(Dataset items)
________
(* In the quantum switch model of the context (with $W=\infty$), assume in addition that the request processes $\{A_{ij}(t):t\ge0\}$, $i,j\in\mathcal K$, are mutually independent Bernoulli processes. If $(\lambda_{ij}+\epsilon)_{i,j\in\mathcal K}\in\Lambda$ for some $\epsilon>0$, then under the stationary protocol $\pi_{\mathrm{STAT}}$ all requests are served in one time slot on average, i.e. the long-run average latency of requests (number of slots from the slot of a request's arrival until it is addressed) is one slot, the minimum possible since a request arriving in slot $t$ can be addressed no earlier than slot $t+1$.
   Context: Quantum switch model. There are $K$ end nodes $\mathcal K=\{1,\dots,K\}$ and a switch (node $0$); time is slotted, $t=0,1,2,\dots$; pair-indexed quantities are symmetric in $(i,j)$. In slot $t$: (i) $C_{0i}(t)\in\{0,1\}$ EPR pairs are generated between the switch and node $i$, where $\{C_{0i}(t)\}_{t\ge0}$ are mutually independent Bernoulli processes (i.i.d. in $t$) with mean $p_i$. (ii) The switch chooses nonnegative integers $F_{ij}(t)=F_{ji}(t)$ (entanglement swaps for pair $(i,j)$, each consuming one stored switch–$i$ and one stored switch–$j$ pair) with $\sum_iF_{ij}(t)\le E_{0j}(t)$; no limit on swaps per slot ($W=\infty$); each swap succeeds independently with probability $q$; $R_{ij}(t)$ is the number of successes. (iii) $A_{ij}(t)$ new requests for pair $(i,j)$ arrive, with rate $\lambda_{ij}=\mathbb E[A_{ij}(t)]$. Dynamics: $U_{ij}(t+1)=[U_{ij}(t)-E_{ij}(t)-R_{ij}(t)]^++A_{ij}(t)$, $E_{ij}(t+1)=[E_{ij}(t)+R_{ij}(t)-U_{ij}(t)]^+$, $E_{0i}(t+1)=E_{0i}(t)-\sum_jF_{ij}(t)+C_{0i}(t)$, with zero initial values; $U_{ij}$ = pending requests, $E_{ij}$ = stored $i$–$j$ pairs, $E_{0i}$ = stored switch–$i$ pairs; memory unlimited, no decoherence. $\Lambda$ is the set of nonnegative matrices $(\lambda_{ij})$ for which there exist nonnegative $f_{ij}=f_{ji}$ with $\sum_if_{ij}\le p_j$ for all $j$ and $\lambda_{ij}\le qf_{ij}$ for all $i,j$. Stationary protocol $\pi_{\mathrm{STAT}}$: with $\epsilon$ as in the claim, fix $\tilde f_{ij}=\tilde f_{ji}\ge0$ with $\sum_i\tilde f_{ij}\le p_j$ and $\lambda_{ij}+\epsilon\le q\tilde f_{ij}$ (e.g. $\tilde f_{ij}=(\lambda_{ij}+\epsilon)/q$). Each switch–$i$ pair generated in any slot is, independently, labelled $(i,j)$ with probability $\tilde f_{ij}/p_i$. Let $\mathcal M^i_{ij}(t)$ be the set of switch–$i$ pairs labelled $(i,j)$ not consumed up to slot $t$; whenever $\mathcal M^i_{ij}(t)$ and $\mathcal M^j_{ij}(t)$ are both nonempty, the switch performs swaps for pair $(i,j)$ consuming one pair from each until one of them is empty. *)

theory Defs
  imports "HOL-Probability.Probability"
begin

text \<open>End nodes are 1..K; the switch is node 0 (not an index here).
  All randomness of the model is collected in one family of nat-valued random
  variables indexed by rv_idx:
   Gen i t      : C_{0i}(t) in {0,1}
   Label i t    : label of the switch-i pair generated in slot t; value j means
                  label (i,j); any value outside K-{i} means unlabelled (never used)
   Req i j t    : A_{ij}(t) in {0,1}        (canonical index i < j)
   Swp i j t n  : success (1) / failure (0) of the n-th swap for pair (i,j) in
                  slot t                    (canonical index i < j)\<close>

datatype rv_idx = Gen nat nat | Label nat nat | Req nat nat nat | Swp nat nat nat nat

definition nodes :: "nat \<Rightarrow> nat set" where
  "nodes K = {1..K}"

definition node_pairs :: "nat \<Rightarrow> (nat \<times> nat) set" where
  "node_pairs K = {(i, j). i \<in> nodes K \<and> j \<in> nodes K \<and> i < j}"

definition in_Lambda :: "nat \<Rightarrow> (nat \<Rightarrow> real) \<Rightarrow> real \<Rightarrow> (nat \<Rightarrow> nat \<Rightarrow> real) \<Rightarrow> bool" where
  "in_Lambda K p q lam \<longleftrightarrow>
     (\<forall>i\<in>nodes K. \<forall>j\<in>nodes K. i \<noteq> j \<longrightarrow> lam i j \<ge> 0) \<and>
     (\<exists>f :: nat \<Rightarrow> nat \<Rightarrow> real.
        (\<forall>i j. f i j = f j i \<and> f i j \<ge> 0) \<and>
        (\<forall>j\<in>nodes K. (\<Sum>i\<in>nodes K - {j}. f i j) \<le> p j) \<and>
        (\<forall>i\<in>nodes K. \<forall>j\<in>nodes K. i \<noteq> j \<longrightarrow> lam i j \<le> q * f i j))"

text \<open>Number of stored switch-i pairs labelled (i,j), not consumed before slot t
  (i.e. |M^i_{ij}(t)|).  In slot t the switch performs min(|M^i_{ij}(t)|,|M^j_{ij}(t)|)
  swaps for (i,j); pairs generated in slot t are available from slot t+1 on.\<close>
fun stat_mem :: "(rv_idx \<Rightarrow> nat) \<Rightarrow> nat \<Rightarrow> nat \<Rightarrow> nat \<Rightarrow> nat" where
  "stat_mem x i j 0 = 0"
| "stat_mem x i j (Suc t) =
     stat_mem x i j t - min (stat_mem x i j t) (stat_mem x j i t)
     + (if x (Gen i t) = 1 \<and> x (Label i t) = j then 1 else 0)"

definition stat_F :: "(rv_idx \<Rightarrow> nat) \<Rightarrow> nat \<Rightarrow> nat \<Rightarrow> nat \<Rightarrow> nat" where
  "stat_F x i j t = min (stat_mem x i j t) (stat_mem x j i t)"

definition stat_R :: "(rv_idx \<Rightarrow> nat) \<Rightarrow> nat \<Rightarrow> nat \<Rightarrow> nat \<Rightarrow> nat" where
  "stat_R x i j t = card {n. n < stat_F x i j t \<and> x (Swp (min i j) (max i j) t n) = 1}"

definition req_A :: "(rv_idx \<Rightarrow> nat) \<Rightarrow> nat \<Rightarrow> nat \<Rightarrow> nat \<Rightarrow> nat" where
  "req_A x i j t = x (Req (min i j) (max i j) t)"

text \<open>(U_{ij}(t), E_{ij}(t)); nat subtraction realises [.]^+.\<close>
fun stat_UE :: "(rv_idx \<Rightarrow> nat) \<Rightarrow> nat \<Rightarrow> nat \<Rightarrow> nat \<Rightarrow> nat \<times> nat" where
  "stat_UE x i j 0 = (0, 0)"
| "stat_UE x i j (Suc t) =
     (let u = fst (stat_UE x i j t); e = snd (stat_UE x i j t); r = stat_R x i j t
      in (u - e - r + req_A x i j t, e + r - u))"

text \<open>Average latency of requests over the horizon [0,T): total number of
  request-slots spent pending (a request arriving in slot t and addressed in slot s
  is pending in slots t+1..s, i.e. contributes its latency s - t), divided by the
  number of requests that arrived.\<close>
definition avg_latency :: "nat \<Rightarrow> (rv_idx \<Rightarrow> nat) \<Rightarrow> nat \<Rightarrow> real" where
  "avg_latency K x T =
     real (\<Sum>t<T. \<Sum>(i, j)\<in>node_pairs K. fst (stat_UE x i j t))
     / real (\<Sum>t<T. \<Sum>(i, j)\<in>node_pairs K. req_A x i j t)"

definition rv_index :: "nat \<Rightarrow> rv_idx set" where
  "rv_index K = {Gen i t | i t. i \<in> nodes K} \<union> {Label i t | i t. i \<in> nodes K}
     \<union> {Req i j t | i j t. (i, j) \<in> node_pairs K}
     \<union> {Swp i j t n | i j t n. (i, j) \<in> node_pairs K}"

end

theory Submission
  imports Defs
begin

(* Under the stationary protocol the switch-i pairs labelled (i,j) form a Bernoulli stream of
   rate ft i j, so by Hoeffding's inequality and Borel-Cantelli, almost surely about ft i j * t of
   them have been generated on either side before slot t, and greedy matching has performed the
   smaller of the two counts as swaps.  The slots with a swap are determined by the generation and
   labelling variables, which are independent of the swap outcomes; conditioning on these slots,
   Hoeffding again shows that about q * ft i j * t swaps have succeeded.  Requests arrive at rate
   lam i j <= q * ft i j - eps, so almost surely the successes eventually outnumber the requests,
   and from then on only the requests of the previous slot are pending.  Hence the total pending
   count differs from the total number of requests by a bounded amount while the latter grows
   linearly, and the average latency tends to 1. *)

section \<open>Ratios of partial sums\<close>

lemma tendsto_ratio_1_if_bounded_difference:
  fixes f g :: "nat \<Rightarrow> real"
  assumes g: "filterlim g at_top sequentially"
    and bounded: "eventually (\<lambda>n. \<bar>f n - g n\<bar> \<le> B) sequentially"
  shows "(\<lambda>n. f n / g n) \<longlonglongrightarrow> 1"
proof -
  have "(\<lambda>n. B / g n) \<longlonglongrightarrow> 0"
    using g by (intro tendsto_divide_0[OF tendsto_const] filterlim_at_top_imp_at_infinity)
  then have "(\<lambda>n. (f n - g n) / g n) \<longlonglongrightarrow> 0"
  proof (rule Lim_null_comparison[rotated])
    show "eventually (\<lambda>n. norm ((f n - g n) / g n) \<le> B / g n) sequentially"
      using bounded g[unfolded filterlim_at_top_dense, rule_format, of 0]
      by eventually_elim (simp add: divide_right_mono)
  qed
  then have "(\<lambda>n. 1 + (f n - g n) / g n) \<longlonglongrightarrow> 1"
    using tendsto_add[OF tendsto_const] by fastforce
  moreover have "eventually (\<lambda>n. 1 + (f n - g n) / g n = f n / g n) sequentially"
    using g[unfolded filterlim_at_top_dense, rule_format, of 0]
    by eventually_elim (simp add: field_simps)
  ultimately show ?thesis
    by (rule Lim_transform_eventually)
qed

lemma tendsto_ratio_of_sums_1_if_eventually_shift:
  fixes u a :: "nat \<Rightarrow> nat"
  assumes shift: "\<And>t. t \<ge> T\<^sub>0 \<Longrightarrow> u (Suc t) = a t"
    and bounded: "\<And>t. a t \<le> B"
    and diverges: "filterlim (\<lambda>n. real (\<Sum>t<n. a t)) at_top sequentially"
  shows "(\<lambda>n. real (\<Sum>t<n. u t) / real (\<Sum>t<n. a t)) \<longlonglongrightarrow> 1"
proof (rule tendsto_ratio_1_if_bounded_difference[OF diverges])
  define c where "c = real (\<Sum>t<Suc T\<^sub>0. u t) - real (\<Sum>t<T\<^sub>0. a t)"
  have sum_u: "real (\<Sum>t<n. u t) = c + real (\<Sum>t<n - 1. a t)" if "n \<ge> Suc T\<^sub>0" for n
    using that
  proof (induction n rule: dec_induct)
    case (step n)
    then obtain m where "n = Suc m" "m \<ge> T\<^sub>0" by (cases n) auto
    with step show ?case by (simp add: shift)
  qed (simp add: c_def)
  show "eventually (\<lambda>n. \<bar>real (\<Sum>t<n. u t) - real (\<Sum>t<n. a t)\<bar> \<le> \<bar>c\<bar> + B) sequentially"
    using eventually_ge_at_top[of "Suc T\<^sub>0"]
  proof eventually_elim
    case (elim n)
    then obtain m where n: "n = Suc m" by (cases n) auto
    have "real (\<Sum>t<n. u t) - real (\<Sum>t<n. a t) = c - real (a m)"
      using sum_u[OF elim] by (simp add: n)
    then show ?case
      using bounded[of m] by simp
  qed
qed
________
Find "qed (simp add: c_def)" in the records above. Repeat its line and every later line exactly, through the last one.

  qed (simp add: c_def)
  show "eventually (\<lambda>n. \<bar>real (\<Sum>t<n. u t) - real (\<Sum>t<n. a t)\<bar> \<le> \<bar>c\<bar> + B) sequentially"
    using eventually_ge_at_top[of "Suc T\<^sub>0"]
  proof eventually_elim
    case (elim n)
    then obtain m where n: "n = Suc m" by (cases n) auto
    have "real (\<Sum>t<n. u t) - real (\<Sum>t<n. a t) = c - real (a m)"
      using sum_u[OF elim] by (simp add: n)
    then show ?case
      using bounded[of m] by simp
  qed
qed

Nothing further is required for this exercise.